Yep... got _you_ ... right between the eyes.



			
				tellner said:
			
		

> considering you can get spectra cloth that meat packers and chefs use in protective gloves for a lot less it seems like a ripoff.



Ok, everybody together... 1, 2, 3... "Gimmick!" You're right Tellner, but probably a lot of other folks won't think about that.


----------



## Brian R. VanCise (Mar 24, 2008)

Unless their price range was in the thirty to forty dollar range then yes it is simply to expensive for a t-shirt.


----------



## Scarey (Mar 24, 2008)

MA-Caver said:


> A t-shirt that costs anywhere between $190 to $520.00 and doesn't protect against "stabbing" attacks? Whell, me thinks I would have to think it over on buying one.
> 
> And therein lies the problem. You'd probably only could afford one... so, umm, you gonna wear the same t-shirt day after day after day and not wash it?




Realistically speaking, your training should focus more on protecting you from stabs anyway. When defending against an attacker with a knife, you should expect to be cut, it's that whole stab thing your primarily trying to prevent. With ample training and a 600 dollar t-shirt you should be rather well off. Also, unless you fear that the people in your home are going to try to slash you with a knife, I don't see the problem with washing it every night.


----------



## Ninjamom (Mar 24, 2008)

tellner said:


> considering you can get spectra cloth that meat packers and chefs use in protective gloves for a lot less it seems like a ripoff.


Question about this:  I'm not familiar with the use of Spectra for cooking gloves and meat packing aprons, but I have seen it used for extremely high-strength, light-weight sails (for racing) and in bullet-resistant vests.  In both of those applications, Spectra cloth uses a laminated approach (i.e., the fibers are laid out in a resin binder), with layers of Spectra overlaid and sealed inside thermoplastic layers.  This makes the whole thing problematic to be washed, and nigh-impossible to be dyed.  Is this the same case for the aprons and gloves?  
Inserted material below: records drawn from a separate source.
lemma sum_Stirling_meijer_alpha_eq_hyp_F:
  assumes "\<forall>n\<le>k. \<forall>i<r. pochhammer (1 - f i + b - of_nat (m i)) n \<noteq> 0"
  shows "(\<Sum>j=k..(\<Sum>i<r. m i). meijer_alpha r f m b j * of_nat (Stirling j k))
       = (-1) ^ k * (\<Prod>i<r. pochhammer (f i - b) (m i)) / fact k * hyp_F r f m b k"
proof -
  define A where "A = (\<Prod>i<r. pochhammer (f i - b) (m i))"
  define U where "U n = (\<Prod>i<r. pochhammer (1 - f i + b) n)" for n
  define W where "W n = (\<Prod>i<r. pochhammer (1 - f i + b - of_nat (m i)) n)" for n
  have W_nonzero: "W n \<noteq> 0" if "n \<le> k" for n
    using assms that unfolding W_def by (auto simp: prod_zero_iff)
  have poly_at_nat: "poly (meijer_alpha_poly r f m b) (of_nat n) = A * U n / W n" if "n \<le> k" for n
  proof -
    have "poly (meijer_alpha_poly r f m b) (of_nat n) * W n
        = (\<Prod>i<r. pochhammer (f i - b - of_nat n) (m i) * pochhammer (1 - (f i - b) - of_nat (m i)) n)"
      unfolding poly_meijer_alpha_poly W_def by (simp add: prod.distrib algebra_simps)
    also have "\<dots> = (\<Prod>i<r. pochhammer (f i - b) (m i) * pochhammer (1 - (f i - b)) n)"
      by (intro prod.cong refl pochhammer_mult_reflect)
    also have "\<dots> = A * U n"
      unfolding A_def U_def by (simp add: prod.distrib algebra_simps)
    finally show ?thesis using W_nonzero[OF that] by (simp add: field_simps)
  qed
  have sign: "(-1::complex) ^ (k - n) = (-1) ^ k * (-1) ^ n" if "n \<le> k" for n
    using that by (metis neg_one_power_add_eq_neg_one_power_diff power_add)
  have "fact k * (\<Sum>j=k..(\<Sum>i<r. m i). meijer_alpha r f m b j * of_nat (Stirling j k))
      = (\<Sum>n\<le>k. (-1) ^ (k - n) * of_nat (k choose n) * poly (meijer_alpha_poly r f m b) (of_nat n))"
    unfolding meijer_alpha_eq_coeff by (rule sum_alternating_choose_mult_poly[symmetric, OF degree_meijer_alpha_poly])
  also have "\<dots> = (\<Sum>n\<le>k. (-1) ^ (k - n) * of_nat (k choose n) * (A * U n / W n))"
    by (intro sum.cong refl) (simp add: poly_at_nat)
  also have "\<dots> = (-1) ^ k * A * (\<Sum>n\<le>k. (-1) ^ n * of_nat (k choose n) * U n / W n)"
    unfolding sum_distrib_left by (intro sum.cong refl) (simp add: sign mult_ac)
  also have "\<dots> = (-1) ^ k * A * hyp_F r f m b k"
    unfolding hyp_F_def U_def W_def
    by (intro arg_cong[where f = "\<lambda>z. _ * z"] sum.cong refl) (simp add: pochhammer_minus_of_nat field_simps)
  finally show ?thesis by (simp add: A_def field_simps)
qed

section \<open>Pochhammer symbols, the Gamma function and binomial series\<close>

lemma norm_pochhammer_le: "norm (pochhammer (z::'a::real_normed_field) k) \<le> (norm z + real k) ^ k"
proof -
  have "norm (pochhammer z k) \<le> (\<Prod>j\<in>{0..<k}. norm (z + of_nat j))"
    unfolding pochhammer_prod by (rule norm_prod_le)
  also have "\<dots> \<le> (\<Prod>j\<in>{0..<k}. norm z + real k)"
    by (intro prod_mono conjI norm_ge_zero order.trans[OF norm_triangle_ineq]) auto
  finally show ?thesis by simp
qed

lemma add_mult_power_le_mult_Suc_power:
  fixes a :: real
  assumes "real N + 1 \<le> a"
  shows "(a + real L) * (real N + 1) ^ L \<le> a * (real N + 2) ^ L"
proof -
  have pos: "real N + 1 > 0" by simp
  have "1 + real L * (1 / (real N + 1)) \<le> (1 + 1 / (real N + 1)) ^ L"
    by (rule Bernoulli_inequality) (simp add: order.trans[of _ 0])
  also have "1 + 1 / (real N + 1) = (real N + 2) / (real N + 1)"
    using pos by (simp add: field_simps)
  finally have "1 + real L / (real N + 1) \<le> (real N + 2) ^ L / (real N + 1) ^ L"
    by (simp add: power_divide)
  moreover have "real L / a \<le> real L / (real N + 1)"
    using assms pos by (intro divide_left_mono) auto
  ultimately have "(1 + real L / a) * (a * (real N + 1) ^ L)
      \<le> (real N + 2) ^ L / (real N + 1) ^ L * (a * (real N + 1) ^ L)"
    using assms pos by (intro mult_right_mono) auto
  moreover have "(1 + real L / a) * (a * (real N + 1) ^ L) = (a + real L) * (real N + 1) ^ L"
    using assms pos by (simp add: field_simps)
  moreover have "(real N + 2) ^ L / (real N + 1) ^ L * (a * (real N + 1) ^ L) = a * (real N + 2) ^ L"
    using pos by simp
  ultimately show ?thesis by linarith
qed

text \<open>For Re z \<le> 0 the factors of (z - N)_N have modulus at least 1, ..., N, so shifting z by a bounded
  d changes the Pochhammer symbol only by a polynomial factor in N.\<close>

lemma norm_pochhammer_shift_le:
  fixes z d :: complex
  assumes z: "Re z \<le> 0" and d: "norm d \<le> real L"
  shows "norm (pochhammer (z + d - of_nat N) N) \<le> norm (pochhammer (z - of_nat N) N) * (real N + 1) ^ L"
proof (induction N)
  case 0
  then show ?case by simp
next
  case (Suc N)
  define a where "a = norm (z - of_nat (Suc N))"
  define Q where "Q = norm (pochhammer (z - of_nat N) N)"
  have a_ge: "real N + 1 \<le> a"
    using abs_Re_le_cmod[of "z - of_nat (Suc N)"] z unfolding a_def by auto
  have "norm (z + d - of_nat (Suc N)) \<le> a + norm d"
    unfolding a_def using norm_triangle_ineq[of "z - of_nat (Suc N)" d] by (simp add: algebra_simps)
  with d have factor: "norm (z + d - of_nat (Suc N)) \<le> a + real L"
    by linarith
  have rec_z: "pochhammer (z - of_nat (Suc N)) (Suc N) = (z - of_nat (Suc N)) * pochhammer (z - of_nat N) N"
    by (simp add: pochhammer_rec algebra_simps)
  have "pochhammer (z + d - of_nat (Suc N)) (Suc N) = (z + d - of_nat (Suc N)) * pochhammer (z + d - of_nat N) N"
    by (simp add: pochhammer_rec algebra_simps)
  then have "norm (pochhammer (z + d - of_nat (Suc N)) (Suc N))
      = norm (z + d - of_nat (Suc N)) * norm (pochhammer (z + d - of_nat N) N)"
    by (simp add: norm_mult)
  also have "\<dots> \<le> (a + real L) * (Q * (real N + 1) ^ L)"
    unfolding Q_def using factor Suc.IH a_ge by (intro mult_mono) auto
  also have "\<dots> = ((a + real L) * (real N + 1) ^ L) * Q"
    by (simp add: algebra_simps)
  also have "\<dots> \<le> (a * (real N + 2) ^ L) * Q"
    using add_mult_power_le_mult_Suc_power[OF a_ge] by (intro mult_right_mono) (auto simp: Q_def)
  also have "\<dots> = norm (pochhammer (z - of_nat (Suc N)) (Suc N)) * (real (Suc N) + 1) ^ L"
    unfolding rec_z norm_mult a_def Q_def by (simp add: algebra_simps)
  finally show ?case .
qed

lemma norm_pochhammer_ratio_le:
  fixes z d :: complex
  assumes "Re z \<le> 0" and "norm d \<le> real L"
  shows "norm (pochhammer (z + d - of_nat N) N / pochhammer (z - of_nat N) N) \<le> (real N + 1) ^ L"
  using norm_pochhammer_shift_le[OF assms, of N]
  by (cases "pochhammer (z - of_nat N) N = 0") (simp_all add: norm_divide divide_le_eq mult.commute)

lemma Gamma_minus_of_nat: "Gamma (z - of_nat N) = Gamma z / pochhammer (z - of_nat N) N"
  using pochhammer_rGamma[of "z - of_nat N" N] by (simp add: Gamma_def divide_inverse mult.commute)

lemma pochhammer_series_sums:
  fixes z a :: complex
  assumes "norm z < 1"
  shows "(\<lambda>i. pochhammer a i / fact i * z ^ i) sums (1 - z) powr (- a)"
proof -
  have "(\<lambda>i. ((- a) gchoose i) * (- z) ^ i) sums (1 + (- z)) powr (- a)"
    using assms by (intro gen_binomial_complex) simp
  moreover have "((- a) gchoose i) * (- z) ^ i = pochhammer a i / fact i * z ^ i" for i
  proof -
    have "((- a) gchoose i) * (- z) ^ i = ((-1) ^ i * (-1) ^ i) * (pochhammer a i / fact i * z ^ i)"
      by (simp add: gbinomial_pochhammer power_minus[of z] algebra_simps)
    then show ?thesis by (simp flip: power_mult_distrib)
  qed
  ultimately show ?thesis by simp
qed

lemma pochhammer_ffact_series_sums:
  fixes z a :: complex
  assumes "norm z < 1"
  shows "(\<lambda>n. pochhammer a n / fact n * ffact k (of_nat n) * z ^ n)
           sums (pochhammer a k * z ^ k * (1 - z) powr (- (a + of_nat k)))"
proof -
  define u where "u n = pochhammer a n / fact n * ffact k (of_nat n) * z ^ n" for n
  have shifted: "u (i + k) = pochhammer a k * z ^ k * (pochhammer (a + of_nat k) i / fact i * z ^ i)" for i
  proof -
    have "fact k * fact i * of_nat ((i + k) choose k) = (fact (i + k) :: complex)"
      using binomial_fact_lemma[of k "i + k"] by (metis add_diff_cancel_right' le_add2 of_nat_fact of_nat_mult)
    moreover have "pochhammer a (i + k) = pochhammer a k * pochhammer (a + of_nat k) i"
      by (metis add.commute pochhammer_product')
    moreover have "(fact i :: complex) \<noteq> 0" "(fact (i + k) :: complex) \<noteq> 0"
      by simp_all
    ultimately show ?thesis
      unfolding u_def ffact_of_nat by (simp add: divide_simps power_add) (simp add: algebra_simps)
  qed
  have "(\<lambda>i. pochhammer a k * z ^ k * (pochhammer (a + of_nat k) i / fact i * z ^ i))
          sums (pochhammer a k * z ^ k * (1 - z) powr (- (a + of_nat k)))"
    by (intro sums_mult pochhammer_series_sums assms)
  then have "(\<lambda>i. u (i + k)) sums (pochhammer a k * z ^ k * (1 - z) powr (- (a + of_nat k)))"
    by (simp only: shifted)
  moreover have "u n = 0" if "n < k" for n
    using that by (simp add: u_def ffact_of_nat binomial_eq_0)
  ultimately show ?thesis
    using sums_zero_iff_shift[of k u] by (simp add: u_def)
qed

lemma notin_nonpos_Ints_if: "Im z \<noteq> 0 \<or> 0 < Re z \<Longrightarrow> (z::complex) \<notin> \<int>\<^sub>\<le>\<^sub>0"
  using nonpos_Ints_subset_nonpos_Reals complex_nonpos_Reals_iff by fastforce

lemma add_in_nonpos_Ints_iff: "(a::'a::ring_1) + s \<in> \<int>\<^sub>\<le>\<^sub>0 \<longleftrightarrow> (\<exists>k. s = - a - of_nat k)"
proof
  assume "a + s \<in> \<int>\<^sub>\<le>\<^sub>0"
  then obtain k where "a + s = - of_nat k" by (elim nonpos_Ints_cases')
  then have "s = - a - of_nat k" by (simp add: algebra_simps flip: add_diff_eq eq_diff_eq)
  then show "\<exists>k. s = - a - of_nat k" ..
qed auto

lemma pochhammer_mult_powr_eq:
  fixes a :: complex and t :: real
  assumes "t < 1"
  shows "pochhammer a k * of_real t ^ k * (1 - of_real t) powr (- (a + of_nat k))
       = of_real (1 - t) powr (- a) * pochhammer (1 - a - of_nat k) k * of_real t ^ k / of_real (t - 1) ^ k"
proof -
  have nonzero: "complex_of_real (1 - t) \<noteq> 0"
    using assms by simp
  have "(1 - of_real t) powr (- (a + of_nat k)) = complex_of_real (1 - t) powr (- a - of_nat k)"
    by (simp add: algebra_simps)
  also have "\<dots> = of_real (1 - t) powr (- a) / of_real (1 - t) ^ k"
    using nonzero by (simp add: powr_diff powr_nat')
  finally have "(1 - of_real t) powr (- (a + of_nat k)) = of_real (1 - t) powr (- a) / of_real (1 - t) ^ k" .
  moreover have "pochhammer (1 - a - of_nat k) k = (-1) ^ k * pochhammer a k"
    using pochhammer_minus'[of "- a" k] by (simp add: algebra_simps)
  moreover have "complex_of_real (t - 1) ^ k = (-1) ^ k * of_real (1 - t) ^ k"
    by (simp flip: power_minus)
  ultimately show ?thesis
    by (simp add: field_simps)
qed

section \<open>The kernel and its residues\<close>

locale meijer_setting =
  fixes r :: nat and m :: "nat \<Rightarrow> nat" and f :: "nat \<Rightarrow> complex" and b c :: complex and t :: real
  assumes t_pos: "0 < t" and t_less_1: "t < 1"
begin

abbreviation X :: real where "X \<equiv> meijer_X r b f"
abbreviation H :: real where "H \<equiv> meijer_H r b f"

lemma abs_Im_less_H: "\<bar>Im b\<bar> < H" "i < r \<Longrightarrow> \<bar>Im (f i)\<bar> < H"
proof -
  have "0 \<le> (\<Sum>i<r. \<bar>Im (f i)\<bar>)"
    by (intro sum_nonneg) auto
  then show "\<bar>Im b\<bar> < H"
    unfolding meijer_H_def by linarith
  assume "i < r"
  then have "\<bar>Im (f i)\<bar> \<le> (\<Sum>i<r. \<bar>Im (f i)\<bar>)"
    by (intro member_le_sum) auto
  then show "\<bar>Im (f i)\<bar> < H"
    unfolding meijer_H_def by linarith
qed

lemma abs_Re_less_X: "\<bar>Re b\<bar> < X" "i < r \<Longrightarrow> \<bar>Re (f i)\<bar> < X"
proof -
  have "0 \<le> (\<Sum>i<r. \<bar>Re (f i)\<bar>)"
    by (intro sum_nonneg) auto
  then show "\<bar>Re b\<bar> < X"
    unfolding meijer_X_def by linarith
  assume "i < r"
  then have "\<bar>Re (f i)\<bar> \<le> (\<Sum>i<r. \<bar>Re (f i)\<bar>)"
    by (intro member_le_sum) auto
  then show "\<bar>Re (f i)\<bar> < X"
    unfolding meijer_X_def by linarith
qed

lemma H_pos: "0 < H"
  using abs_Im_less_H(1) by linarith

lemma abs_H [simp]: "\<bar>H\<bar> = H" "\<bar>- H\<bar> = H"
  using H_pos by simp_all

lemma notin_nonpos_Ints_on_loop_lines:
  assumes "\<bar>Im w\<bar> < H" "\<bar>Re w\<bar> < X" and "\<bar>Im s\<bar> = H \<or> Re s = X"
  shows "w + of_nat k + s \<notin> \<int>\<^sub>\<le>\<^sub>0"
  by (rule notin_nonpos_Ints_if) (use assms in auto)

lemma meijer_loop_lines:
  "s \<in> path_image (meijer_loop X H R) \<Longrightarrow> \<bar>Im s\<bar> = H \<or> Re s = X"
  using H_pos unfolding meijer_loop_def
  by (auto simp: path_image_join closed_segment_same_Im closed_segment_same_Re)

definition poch_prod :: "complex \<Rightarrow> complex" where
  "poch_prod s = (\<Prod>i<r. pochhammer (f i + s) (m i))"

definition kernel :: "complex \<Rightarrow> complex" where
  "kernel s = Gamma (b + s) * rGamma (c + s) * poch_prod s * exp (- s * of_real (ln t))"

definition kernel_residue :: "nat \<Rightarrow> complex" where
  "kernel_residue n = (-1) ^ n / fact n * rGamma (c - b - of_nat n) * poch_prod (- b - of_nat n)
                      * exp ((b + of_nat n) * of_real (ln t))"

definition msum :: nat where
  "msum = (\<Sum>i<r. m i)"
This manufacturer *may* have the right idea, with going with a wholly woven fabric approach.  Because of the stretch in the polyethylene fibers, I'm not sure it would work for bullet-proofing, but it *could* produce a slash-resistant, washable, dye-able fabric, a lot more comfortable than wearing a thick shirt with a protective layer that feels like stiff plastic.  With a manufacturing "learning curve", as well as competition (you can buy High Density Polyethylene fiber thread now, so others can make similar products), if this stuff works, expect the price to come down rapidly.


----------



## ArmorOfGod (Mar 24, 2008)

Ooh, I didn't see the price on that.


----------



## Kreth (Mar 24, 2008)

Do they make gloves? I've lost skin and/or blood to half the equipment in our data center... :lol:


----------



## tellner (Mar 24, 2008)

If you really are looking for cut-resistant gloves find any good restaurant or meat-packing supply store. They're commodity-priced and stand up to 8 hour shifts with very sharp knives.


----------



## Kreth (Mar 25, 2008)

tellner said:


> If you really are looking for cut-resistant gloves find any good restaurant or meat-packing supply store. They're commodity-priced and stand up to 8 hour shifts with very sharp knives.


I was semi-joking. It would be tough working with computer and network equipment with even very thin gloves, let alone the chainmail ones I've seen for butchers... :lol:


----------



## tellner (Mar 25, 2008)

The chainmail gloves are pretty much a thing of the past. It's all carbon fiber or spectra these days. I know it was a semi-joke. But if you're running a network and reaching into holes, pulling wire, dealing with the sharp edges of metal studs or anything like that it wouldn't be a bad idea to have them around. Besides, machine rooms can be freaking cold.


----------



## still learning (Mar 27, 2008)

Hello, Knife proof t-shirt? ...and you get stab on the neck? ...face...legs, and die? ...at least your body is clean!

Best to escape...run away... or use anything around you for a weapon or protection!

Aloha ( where can I order one?)...........


----------